● **Activity**
Restate word for word the lines in the listing below, starting at the line containing "show ?lhs if ?rhs" and ending at the line containing "simplex_of \<sigma> \<longleftrightarrow>", both included; leave out the rest.

● **Exercise inputs**
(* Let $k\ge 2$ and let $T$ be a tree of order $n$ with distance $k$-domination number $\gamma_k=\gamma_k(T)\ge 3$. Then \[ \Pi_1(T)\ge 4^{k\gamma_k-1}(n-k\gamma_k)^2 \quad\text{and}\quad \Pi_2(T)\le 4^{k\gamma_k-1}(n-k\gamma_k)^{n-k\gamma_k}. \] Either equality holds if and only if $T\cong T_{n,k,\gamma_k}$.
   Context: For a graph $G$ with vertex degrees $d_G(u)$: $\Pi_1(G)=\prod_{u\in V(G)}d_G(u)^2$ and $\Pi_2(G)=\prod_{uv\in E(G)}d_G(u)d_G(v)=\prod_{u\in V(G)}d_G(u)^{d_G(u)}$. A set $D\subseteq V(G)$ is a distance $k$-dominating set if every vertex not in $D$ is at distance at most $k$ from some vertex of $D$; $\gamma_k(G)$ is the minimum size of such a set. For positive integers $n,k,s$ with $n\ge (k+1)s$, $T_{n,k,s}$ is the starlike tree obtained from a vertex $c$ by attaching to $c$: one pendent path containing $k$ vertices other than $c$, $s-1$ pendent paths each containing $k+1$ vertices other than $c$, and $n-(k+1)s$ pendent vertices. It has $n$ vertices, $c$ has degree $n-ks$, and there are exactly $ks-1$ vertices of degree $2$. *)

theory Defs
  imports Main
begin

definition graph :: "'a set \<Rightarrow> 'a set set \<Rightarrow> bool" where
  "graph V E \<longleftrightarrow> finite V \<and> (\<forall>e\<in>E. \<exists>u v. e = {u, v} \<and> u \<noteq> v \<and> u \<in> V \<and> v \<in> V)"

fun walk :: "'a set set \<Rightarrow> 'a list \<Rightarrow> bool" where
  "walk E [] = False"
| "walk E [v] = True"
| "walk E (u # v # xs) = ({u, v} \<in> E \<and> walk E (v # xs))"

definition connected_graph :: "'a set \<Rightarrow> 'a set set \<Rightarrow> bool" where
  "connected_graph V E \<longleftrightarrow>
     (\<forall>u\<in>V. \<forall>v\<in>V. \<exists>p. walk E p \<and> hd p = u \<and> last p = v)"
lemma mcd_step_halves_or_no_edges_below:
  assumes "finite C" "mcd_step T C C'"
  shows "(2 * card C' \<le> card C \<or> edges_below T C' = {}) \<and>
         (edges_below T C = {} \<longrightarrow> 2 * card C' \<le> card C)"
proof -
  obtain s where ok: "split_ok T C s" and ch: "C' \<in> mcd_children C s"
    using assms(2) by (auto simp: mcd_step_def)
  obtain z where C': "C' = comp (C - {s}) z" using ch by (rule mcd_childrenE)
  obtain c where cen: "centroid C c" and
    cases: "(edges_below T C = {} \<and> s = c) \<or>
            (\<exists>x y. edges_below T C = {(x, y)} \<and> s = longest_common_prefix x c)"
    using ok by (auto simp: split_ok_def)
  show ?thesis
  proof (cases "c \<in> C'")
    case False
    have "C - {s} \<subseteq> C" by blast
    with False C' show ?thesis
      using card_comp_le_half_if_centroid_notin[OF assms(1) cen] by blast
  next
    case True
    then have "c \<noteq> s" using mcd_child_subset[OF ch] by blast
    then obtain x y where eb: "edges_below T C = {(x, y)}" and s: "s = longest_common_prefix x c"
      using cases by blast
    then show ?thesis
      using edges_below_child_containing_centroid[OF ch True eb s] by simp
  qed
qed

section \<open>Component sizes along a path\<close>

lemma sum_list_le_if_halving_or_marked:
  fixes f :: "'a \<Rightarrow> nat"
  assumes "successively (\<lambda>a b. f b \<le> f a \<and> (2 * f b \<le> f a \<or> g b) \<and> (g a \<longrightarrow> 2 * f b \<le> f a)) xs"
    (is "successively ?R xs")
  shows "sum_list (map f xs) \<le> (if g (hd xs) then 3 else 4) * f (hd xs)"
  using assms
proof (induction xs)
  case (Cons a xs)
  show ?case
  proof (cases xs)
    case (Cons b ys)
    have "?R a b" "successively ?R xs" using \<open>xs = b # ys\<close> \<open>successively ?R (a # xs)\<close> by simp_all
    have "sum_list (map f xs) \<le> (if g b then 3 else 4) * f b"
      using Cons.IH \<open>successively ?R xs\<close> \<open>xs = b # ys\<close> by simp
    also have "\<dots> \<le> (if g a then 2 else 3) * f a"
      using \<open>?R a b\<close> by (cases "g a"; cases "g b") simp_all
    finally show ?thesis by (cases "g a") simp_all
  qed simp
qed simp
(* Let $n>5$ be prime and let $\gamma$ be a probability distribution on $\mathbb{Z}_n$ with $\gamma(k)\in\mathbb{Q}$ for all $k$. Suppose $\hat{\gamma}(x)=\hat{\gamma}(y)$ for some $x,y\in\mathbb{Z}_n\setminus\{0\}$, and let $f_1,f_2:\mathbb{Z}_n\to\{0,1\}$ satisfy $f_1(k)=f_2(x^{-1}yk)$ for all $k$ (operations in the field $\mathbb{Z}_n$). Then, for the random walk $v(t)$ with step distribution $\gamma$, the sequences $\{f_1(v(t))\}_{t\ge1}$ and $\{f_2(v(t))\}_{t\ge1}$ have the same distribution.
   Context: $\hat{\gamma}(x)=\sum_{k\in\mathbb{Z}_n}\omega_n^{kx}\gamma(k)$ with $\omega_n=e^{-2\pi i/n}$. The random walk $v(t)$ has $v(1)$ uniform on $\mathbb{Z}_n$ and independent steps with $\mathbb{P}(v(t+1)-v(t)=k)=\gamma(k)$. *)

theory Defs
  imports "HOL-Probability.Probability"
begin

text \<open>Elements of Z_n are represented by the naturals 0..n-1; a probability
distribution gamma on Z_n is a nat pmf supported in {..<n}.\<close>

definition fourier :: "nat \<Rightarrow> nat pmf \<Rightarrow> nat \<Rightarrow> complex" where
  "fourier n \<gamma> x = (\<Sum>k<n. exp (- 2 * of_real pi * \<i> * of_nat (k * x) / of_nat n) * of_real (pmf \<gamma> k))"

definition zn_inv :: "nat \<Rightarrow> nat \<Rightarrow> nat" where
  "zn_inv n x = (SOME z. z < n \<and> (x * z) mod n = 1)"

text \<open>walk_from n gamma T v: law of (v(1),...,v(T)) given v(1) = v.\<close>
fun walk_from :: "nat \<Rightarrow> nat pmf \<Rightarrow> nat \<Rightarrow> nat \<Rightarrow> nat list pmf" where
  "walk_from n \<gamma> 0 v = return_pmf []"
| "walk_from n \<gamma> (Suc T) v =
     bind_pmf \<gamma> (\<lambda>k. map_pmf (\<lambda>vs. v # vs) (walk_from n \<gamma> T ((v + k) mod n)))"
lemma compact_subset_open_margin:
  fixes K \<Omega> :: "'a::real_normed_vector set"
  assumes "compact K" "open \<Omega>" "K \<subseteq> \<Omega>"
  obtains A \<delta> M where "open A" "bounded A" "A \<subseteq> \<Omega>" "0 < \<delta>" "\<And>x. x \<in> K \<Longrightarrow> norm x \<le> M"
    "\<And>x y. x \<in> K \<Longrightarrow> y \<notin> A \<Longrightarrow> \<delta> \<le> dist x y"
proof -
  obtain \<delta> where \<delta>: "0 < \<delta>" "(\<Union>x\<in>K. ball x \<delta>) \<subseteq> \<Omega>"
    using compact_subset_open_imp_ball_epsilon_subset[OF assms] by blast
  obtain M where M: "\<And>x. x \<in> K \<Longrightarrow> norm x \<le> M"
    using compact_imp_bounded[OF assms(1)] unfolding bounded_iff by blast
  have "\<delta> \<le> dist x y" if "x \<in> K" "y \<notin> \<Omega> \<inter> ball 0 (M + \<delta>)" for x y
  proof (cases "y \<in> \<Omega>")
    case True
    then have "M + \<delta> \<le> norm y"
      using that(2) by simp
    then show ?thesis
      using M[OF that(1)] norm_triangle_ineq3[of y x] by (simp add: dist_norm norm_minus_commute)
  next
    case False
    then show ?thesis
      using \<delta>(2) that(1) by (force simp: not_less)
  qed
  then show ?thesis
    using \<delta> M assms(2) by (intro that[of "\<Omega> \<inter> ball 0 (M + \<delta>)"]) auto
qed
...
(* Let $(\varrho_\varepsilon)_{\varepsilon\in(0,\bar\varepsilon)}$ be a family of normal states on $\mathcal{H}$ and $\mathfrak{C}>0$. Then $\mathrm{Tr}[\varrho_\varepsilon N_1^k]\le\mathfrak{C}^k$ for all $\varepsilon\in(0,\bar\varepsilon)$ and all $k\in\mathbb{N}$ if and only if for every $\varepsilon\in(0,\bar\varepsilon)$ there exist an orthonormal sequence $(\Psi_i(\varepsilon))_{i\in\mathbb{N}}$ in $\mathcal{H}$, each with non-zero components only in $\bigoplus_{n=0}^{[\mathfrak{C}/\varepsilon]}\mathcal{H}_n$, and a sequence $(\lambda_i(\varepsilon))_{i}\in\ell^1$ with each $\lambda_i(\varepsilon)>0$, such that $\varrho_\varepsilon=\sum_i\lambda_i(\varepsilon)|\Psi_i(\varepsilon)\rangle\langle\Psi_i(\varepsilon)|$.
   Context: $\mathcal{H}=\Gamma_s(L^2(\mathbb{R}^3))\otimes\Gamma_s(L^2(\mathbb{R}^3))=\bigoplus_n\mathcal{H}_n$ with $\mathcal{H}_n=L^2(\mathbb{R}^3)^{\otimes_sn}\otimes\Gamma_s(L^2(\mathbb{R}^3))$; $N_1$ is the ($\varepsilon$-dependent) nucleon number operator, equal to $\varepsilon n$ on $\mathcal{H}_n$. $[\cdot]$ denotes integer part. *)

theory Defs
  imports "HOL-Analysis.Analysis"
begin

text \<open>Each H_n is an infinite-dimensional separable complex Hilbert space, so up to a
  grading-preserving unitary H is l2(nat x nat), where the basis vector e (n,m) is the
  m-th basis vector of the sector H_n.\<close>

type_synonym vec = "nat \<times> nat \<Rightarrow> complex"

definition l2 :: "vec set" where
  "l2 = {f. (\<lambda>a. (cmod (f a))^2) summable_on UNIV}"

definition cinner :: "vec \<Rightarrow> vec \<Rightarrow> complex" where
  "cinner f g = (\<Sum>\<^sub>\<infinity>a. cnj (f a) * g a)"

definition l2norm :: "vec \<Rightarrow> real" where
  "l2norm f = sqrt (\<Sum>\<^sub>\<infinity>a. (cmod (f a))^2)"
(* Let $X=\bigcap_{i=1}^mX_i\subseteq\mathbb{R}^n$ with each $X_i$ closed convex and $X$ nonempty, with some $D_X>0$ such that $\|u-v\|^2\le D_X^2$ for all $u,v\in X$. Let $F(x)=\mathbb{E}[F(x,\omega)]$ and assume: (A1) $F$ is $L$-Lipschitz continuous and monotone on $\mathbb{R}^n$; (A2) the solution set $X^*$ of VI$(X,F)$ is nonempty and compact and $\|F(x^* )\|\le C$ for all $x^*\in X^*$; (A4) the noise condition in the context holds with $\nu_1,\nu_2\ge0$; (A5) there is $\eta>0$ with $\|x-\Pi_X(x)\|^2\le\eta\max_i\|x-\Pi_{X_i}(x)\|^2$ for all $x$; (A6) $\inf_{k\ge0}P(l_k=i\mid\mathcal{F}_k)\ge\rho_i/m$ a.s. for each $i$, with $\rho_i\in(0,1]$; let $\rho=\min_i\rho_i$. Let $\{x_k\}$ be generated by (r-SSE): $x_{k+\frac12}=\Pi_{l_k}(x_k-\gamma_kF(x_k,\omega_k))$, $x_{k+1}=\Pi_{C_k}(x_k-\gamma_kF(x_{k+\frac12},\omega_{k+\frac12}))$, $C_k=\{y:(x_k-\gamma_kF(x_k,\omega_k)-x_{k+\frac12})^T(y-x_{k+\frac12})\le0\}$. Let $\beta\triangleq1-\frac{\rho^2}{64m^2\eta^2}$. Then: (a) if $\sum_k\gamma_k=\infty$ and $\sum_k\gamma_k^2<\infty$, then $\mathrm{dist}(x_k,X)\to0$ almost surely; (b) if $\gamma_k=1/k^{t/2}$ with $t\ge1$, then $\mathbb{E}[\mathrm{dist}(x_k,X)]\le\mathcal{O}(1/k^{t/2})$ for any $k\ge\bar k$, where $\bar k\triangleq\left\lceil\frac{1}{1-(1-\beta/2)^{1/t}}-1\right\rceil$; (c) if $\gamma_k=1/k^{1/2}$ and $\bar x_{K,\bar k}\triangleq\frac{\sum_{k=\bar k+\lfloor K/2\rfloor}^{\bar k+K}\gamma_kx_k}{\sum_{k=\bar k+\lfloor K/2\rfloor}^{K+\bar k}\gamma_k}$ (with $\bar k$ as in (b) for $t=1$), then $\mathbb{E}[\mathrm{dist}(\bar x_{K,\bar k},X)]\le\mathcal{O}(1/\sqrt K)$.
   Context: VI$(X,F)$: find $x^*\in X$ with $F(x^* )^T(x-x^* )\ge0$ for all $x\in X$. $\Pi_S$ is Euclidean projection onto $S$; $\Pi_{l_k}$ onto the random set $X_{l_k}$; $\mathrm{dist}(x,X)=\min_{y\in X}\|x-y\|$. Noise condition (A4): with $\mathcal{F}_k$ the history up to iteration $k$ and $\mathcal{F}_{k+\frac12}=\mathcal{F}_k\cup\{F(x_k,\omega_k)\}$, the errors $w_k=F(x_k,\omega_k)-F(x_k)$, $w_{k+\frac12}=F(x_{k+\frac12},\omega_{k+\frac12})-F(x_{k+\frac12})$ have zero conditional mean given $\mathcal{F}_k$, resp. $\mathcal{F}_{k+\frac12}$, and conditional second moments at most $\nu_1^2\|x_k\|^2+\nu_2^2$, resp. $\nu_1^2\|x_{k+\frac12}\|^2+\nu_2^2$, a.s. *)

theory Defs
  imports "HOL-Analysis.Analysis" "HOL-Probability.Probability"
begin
==
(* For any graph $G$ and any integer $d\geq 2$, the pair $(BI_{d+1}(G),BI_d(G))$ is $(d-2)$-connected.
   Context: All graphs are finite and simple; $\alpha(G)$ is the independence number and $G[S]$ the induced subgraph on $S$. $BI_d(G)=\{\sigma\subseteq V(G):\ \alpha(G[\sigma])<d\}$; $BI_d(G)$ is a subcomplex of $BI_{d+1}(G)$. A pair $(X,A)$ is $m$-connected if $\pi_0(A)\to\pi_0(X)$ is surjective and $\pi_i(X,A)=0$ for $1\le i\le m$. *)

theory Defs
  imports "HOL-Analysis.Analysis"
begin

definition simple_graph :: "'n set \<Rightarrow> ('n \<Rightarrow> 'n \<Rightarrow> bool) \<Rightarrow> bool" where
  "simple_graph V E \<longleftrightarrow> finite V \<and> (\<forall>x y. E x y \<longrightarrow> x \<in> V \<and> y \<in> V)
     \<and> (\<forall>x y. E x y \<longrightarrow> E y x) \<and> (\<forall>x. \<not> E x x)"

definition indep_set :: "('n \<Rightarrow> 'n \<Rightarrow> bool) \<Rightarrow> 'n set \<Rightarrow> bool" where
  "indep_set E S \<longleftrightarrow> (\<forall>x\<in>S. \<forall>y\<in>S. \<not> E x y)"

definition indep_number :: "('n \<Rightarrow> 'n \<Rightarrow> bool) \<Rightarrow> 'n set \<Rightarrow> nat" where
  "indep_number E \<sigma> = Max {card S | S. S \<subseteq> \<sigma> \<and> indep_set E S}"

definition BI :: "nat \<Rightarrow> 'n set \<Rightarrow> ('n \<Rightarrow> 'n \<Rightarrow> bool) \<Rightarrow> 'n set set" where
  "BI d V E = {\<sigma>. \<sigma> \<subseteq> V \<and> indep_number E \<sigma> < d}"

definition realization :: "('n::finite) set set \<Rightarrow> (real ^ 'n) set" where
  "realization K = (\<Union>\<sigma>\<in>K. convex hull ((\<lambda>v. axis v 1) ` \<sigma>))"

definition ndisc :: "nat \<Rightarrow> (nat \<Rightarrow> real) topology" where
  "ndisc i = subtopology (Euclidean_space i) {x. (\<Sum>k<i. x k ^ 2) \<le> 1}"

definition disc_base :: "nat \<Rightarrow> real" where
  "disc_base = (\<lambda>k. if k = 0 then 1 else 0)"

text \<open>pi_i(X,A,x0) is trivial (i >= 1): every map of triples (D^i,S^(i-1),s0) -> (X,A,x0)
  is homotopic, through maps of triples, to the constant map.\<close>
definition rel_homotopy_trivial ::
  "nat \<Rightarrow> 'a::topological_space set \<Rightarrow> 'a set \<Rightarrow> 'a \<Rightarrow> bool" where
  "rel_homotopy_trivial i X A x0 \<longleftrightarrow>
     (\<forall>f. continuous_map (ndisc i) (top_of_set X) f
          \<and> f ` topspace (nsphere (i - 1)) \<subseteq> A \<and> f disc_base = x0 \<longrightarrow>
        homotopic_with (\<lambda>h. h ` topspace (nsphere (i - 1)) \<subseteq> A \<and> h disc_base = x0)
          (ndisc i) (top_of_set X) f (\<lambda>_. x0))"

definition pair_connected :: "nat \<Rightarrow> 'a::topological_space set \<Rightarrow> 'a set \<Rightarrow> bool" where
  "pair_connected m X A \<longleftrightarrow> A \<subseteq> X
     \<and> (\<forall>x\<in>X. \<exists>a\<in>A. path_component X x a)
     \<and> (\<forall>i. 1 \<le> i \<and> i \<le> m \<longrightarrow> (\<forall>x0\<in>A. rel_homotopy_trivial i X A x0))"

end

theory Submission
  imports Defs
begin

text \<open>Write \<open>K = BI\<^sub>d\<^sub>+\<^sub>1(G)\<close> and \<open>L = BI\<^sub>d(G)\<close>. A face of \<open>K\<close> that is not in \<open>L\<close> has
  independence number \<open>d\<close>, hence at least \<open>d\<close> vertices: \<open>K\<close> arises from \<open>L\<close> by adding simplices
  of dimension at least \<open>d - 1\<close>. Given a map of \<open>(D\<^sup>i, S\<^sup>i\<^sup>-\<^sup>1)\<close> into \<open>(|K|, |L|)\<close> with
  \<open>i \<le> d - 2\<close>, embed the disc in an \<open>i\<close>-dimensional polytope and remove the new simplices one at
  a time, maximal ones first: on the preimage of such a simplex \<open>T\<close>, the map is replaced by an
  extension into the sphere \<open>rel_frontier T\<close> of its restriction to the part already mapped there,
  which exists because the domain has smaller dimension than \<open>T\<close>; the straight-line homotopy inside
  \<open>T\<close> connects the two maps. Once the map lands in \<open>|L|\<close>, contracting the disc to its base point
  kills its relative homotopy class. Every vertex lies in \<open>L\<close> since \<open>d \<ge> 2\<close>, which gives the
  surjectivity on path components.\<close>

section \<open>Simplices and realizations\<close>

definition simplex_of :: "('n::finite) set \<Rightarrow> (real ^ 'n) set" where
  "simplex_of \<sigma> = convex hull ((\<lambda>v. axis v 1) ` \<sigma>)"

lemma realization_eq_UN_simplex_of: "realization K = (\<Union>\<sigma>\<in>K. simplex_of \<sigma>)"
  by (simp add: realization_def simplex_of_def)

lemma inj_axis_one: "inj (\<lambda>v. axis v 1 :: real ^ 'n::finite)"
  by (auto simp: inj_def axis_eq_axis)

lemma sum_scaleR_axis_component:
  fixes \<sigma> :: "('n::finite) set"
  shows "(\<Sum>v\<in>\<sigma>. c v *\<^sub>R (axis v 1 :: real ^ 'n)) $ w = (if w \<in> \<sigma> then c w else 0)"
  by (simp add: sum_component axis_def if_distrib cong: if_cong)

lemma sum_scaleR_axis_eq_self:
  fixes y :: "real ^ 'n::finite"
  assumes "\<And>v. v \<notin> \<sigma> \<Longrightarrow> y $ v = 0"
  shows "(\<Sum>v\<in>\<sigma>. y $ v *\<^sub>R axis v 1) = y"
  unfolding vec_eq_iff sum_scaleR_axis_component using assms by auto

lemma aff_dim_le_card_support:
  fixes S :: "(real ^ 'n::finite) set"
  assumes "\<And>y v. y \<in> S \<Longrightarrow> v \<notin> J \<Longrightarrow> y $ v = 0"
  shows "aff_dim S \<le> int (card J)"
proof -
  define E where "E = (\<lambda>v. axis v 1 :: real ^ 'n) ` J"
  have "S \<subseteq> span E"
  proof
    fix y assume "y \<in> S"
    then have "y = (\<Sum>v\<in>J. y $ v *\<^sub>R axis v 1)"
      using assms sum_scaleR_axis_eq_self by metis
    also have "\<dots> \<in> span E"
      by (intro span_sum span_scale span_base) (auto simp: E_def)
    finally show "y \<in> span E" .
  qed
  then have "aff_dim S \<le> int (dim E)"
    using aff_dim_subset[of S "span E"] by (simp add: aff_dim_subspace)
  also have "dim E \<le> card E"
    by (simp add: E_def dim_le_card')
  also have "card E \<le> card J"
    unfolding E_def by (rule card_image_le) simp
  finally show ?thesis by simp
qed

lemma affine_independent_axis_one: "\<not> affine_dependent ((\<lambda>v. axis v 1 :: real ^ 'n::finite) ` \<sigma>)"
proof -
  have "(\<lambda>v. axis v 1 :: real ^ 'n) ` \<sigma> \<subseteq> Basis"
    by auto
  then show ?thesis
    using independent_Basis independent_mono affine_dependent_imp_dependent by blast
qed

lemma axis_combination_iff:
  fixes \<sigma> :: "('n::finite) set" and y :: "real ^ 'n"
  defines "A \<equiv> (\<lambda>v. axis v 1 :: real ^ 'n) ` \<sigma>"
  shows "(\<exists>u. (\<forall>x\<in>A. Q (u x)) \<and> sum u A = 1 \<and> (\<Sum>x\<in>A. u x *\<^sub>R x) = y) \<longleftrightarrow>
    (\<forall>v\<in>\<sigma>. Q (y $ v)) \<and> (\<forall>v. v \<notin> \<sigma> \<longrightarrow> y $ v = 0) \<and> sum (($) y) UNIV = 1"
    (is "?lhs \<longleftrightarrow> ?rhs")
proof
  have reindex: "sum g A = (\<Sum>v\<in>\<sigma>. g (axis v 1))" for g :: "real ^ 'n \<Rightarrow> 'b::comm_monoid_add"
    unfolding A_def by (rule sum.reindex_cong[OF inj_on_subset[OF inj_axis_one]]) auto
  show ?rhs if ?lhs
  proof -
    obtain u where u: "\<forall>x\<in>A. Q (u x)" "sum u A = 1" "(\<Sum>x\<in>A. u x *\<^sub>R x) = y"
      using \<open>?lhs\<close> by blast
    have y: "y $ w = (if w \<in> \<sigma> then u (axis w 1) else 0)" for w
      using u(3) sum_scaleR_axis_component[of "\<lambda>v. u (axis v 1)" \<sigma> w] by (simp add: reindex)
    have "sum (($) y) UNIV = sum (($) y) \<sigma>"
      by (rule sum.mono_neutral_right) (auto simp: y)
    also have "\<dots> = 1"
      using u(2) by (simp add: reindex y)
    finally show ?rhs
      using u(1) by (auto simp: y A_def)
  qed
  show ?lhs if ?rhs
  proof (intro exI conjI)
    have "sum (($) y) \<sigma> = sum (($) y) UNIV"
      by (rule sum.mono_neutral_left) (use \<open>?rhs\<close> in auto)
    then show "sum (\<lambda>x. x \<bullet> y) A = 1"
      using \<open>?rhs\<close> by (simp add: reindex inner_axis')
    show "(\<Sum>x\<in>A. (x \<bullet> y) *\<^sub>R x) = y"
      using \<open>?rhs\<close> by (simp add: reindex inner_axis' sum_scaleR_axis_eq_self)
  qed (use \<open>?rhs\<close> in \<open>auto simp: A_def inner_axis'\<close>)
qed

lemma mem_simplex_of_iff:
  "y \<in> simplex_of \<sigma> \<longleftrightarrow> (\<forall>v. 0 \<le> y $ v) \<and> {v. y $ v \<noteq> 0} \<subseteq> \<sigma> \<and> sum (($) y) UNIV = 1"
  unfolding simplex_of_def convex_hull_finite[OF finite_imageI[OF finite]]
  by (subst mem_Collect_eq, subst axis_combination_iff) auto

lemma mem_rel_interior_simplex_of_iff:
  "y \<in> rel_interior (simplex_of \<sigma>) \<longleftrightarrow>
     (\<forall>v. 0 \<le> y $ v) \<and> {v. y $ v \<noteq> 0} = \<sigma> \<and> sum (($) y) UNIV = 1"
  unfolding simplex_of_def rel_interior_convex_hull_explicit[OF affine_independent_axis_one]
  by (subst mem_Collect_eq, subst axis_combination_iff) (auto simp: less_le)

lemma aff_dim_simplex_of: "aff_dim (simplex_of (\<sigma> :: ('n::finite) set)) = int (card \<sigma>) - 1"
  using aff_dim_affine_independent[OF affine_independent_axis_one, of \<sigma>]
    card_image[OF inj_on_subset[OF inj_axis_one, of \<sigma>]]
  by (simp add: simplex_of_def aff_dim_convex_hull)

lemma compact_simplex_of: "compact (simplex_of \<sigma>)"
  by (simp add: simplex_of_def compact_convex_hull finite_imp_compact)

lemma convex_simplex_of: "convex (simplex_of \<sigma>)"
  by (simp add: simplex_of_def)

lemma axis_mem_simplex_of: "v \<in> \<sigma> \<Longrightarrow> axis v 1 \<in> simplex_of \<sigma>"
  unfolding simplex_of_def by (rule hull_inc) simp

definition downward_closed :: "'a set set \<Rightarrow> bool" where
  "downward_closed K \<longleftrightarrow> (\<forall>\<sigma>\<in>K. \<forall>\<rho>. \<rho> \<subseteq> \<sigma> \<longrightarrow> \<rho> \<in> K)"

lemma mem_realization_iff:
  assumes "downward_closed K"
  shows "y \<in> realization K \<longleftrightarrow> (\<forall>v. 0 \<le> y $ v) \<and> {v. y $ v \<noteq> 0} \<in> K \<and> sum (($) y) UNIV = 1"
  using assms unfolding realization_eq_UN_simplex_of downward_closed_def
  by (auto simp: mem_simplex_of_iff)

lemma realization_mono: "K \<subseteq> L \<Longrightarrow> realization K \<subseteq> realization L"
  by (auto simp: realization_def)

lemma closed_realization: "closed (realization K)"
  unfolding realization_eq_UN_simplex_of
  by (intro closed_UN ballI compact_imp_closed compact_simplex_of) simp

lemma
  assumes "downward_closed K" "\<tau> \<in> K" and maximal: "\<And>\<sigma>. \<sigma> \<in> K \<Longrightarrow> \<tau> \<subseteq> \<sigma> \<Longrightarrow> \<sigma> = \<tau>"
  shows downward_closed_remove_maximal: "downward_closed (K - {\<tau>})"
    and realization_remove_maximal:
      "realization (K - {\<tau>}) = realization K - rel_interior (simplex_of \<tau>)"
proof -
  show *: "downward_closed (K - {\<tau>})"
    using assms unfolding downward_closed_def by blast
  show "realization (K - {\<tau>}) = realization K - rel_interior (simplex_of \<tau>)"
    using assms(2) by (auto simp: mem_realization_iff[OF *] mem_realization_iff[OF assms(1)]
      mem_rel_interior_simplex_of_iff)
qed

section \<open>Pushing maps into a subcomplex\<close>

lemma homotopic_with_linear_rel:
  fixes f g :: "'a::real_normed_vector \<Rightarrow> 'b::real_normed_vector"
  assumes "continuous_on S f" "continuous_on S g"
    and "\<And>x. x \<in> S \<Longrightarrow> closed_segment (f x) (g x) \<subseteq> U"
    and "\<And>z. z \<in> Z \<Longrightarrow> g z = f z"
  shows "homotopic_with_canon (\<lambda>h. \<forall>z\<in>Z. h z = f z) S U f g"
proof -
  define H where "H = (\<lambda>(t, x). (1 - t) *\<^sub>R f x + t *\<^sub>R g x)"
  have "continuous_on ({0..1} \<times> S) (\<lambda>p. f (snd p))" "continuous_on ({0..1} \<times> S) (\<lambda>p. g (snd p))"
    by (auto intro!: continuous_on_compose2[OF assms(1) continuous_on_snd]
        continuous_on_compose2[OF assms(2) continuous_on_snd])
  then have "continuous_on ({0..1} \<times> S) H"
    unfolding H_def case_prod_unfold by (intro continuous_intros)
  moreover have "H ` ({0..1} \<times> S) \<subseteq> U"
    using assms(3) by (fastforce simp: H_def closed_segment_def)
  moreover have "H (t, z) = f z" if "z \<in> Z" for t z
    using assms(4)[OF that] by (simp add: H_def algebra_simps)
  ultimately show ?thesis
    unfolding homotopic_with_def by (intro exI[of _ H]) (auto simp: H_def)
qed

● **Task answer**
  show ?lhs if ?rhs
  proof (intro exI conjI)
    have "sum (($) y) \<sigma> = sum (($) y) UNIV"
      by (rule sum.mono_neutral_left) (use \<open>?rhs\<close> in auto)
    then show "sum (\<lambda>x. x \<bullet> y) A = 1"
      using \<open>?rhs\<close> by (simp add: reindex inner_axis')
    show "(\<Sum>x\<in>A. (x \<bullet> y) *\<^sub>R x) = y"
      using \<open>?rhs\<close> by (simp add: reindex inner_axis' sum_scaleR_axis_eq_self)
  qed (use \<open>?rhs\<close> in \<open>auto simp: A_def inner_axis'\<close>)
qed

lemma mem_simplex_of_iff:
  "y \<in> simplex_of \<sigma> \<longleftrightarrow> (\<forall>v. 0 \<le> y $ v) \<and> {v. y $ v \<noteq> 0} \<subseteq> \<sigma> \<and> sum (($) y) UNIV = 1"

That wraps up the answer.